HOW TO COMPLETE THIS TASK
Return the lines below that contain the word "rule".

RECORDS FOR THE EXERCISE
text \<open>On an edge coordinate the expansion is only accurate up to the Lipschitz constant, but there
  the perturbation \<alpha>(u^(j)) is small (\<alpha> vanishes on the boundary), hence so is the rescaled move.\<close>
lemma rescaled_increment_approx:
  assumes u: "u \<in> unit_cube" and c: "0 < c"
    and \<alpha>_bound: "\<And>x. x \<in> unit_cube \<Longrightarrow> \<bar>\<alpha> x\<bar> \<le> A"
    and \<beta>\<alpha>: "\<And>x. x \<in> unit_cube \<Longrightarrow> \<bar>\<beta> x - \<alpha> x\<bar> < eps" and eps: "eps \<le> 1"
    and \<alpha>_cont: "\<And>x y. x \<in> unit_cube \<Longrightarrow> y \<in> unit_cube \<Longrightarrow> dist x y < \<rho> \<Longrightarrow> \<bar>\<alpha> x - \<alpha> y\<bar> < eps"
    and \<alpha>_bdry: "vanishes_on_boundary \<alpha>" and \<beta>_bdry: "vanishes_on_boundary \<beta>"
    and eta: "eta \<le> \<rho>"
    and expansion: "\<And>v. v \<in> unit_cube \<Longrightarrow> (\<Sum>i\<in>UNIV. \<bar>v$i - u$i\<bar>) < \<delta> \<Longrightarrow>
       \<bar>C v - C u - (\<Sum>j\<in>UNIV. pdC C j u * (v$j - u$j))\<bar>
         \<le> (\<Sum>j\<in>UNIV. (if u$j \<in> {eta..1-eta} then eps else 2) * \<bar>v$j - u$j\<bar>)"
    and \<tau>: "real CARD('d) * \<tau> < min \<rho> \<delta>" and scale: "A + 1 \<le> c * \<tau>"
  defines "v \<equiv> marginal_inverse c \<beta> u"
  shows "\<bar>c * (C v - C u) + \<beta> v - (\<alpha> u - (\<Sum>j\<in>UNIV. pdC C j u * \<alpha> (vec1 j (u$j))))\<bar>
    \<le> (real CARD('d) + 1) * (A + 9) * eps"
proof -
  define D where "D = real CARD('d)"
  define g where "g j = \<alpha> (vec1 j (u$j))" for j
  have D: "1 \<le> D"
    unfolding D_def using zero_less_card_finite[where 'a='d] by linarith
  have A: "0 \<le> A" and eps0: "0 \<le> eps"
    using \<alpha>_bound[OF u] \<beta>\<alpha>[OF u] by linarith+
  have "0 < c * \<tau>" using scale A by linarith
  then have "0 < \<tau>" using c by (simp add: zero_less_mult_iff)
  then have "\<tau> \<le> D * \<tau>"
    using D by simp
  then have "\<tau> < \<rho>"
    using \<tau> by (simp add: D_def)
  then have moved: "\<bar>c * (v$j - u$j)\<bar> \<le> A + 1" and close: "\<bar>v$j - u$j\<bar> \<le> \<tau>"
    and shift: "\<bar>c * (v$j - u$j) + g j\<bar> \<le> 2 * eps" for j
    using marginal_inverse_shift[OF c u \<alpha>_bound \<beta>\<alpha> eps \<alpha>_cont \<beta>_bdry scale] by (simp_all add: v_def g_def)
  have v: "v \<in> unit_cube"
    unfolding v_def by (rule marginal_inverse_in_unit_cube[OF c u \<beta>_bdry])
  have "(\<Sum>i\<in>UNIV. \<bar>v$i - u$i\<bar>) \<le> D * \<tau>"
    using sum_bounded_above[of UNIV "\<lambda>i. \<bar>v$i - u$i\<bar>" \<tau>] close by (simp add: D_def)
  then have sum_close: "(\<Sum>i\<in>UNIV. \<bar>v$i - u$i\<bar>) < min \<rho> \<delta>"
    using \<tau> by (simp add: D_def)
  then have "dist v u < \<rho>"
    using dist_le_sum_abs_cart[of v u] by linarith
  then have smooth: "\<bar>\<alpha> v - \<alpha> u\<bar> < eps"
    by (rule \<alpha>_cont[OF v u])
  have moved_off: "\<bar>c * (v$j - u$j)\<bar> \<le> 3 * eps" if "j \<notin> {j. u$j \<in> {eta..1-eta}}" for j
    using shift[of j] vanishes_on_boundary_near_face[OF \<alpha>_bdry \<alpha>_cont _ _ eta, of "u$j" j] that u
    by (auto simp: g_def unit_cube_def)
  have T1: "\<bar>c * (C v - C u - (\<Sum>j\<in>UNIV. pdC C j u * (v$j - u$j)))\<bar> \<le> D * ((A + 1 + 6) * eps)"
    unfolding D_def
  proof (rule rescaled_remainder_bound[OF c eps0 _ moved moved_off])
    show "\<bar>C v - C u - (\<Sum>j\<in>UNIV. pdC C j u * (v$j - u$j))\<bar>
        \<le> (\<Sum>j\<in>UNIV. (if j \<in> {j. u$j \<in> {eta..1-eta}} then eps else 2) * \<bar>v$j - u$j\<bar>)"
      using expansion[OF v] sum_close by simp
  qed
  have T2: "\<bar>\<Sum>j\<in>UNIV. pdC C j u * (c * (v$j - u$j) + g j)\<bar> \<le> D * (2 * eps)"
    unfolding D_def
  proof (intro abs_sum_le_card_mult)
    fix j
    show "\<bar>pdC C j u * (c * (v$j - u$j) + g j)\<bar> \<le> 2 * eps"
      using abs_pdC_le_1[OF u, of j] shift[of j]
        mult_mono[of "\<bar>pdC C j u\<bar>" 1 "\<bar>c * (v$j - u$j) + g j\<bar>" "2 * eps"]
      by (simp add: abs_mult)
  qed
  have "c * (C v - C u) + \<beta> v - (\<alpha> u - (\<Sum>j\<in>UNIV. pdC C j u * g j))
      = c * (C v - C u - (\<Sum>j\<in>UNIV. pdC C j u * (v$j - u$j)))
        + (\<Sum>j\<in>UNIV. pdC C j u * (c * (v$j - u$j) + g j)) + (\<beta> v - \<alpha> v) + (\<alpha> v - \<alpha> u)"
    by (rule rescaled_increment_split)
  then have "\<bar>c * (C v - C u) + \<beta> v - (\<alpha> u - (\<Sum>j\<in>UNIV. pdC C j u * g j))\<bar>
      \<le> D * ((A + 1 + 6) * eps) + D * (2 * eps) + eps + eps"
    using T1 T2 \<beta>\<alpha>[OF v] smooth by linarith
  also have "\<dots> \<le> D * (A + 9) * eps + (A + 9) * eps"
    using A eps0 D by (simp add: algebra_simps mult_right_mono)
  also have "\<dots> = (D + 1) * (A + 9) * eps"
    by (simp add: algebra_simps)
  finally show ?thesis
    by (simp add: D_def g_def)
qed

ANSWER TO THE EXERCISE
    unfolding v_def by (rule marginal_inverse_in_unit_cube[OF c u \<beta>_bdry])
    by (rule \<alpha>_cont[OF v u])
  proof (rule rescaled_remainder_bound[OF c eps0 _ moved moved_off])
    by (rule rescaled_increment_split)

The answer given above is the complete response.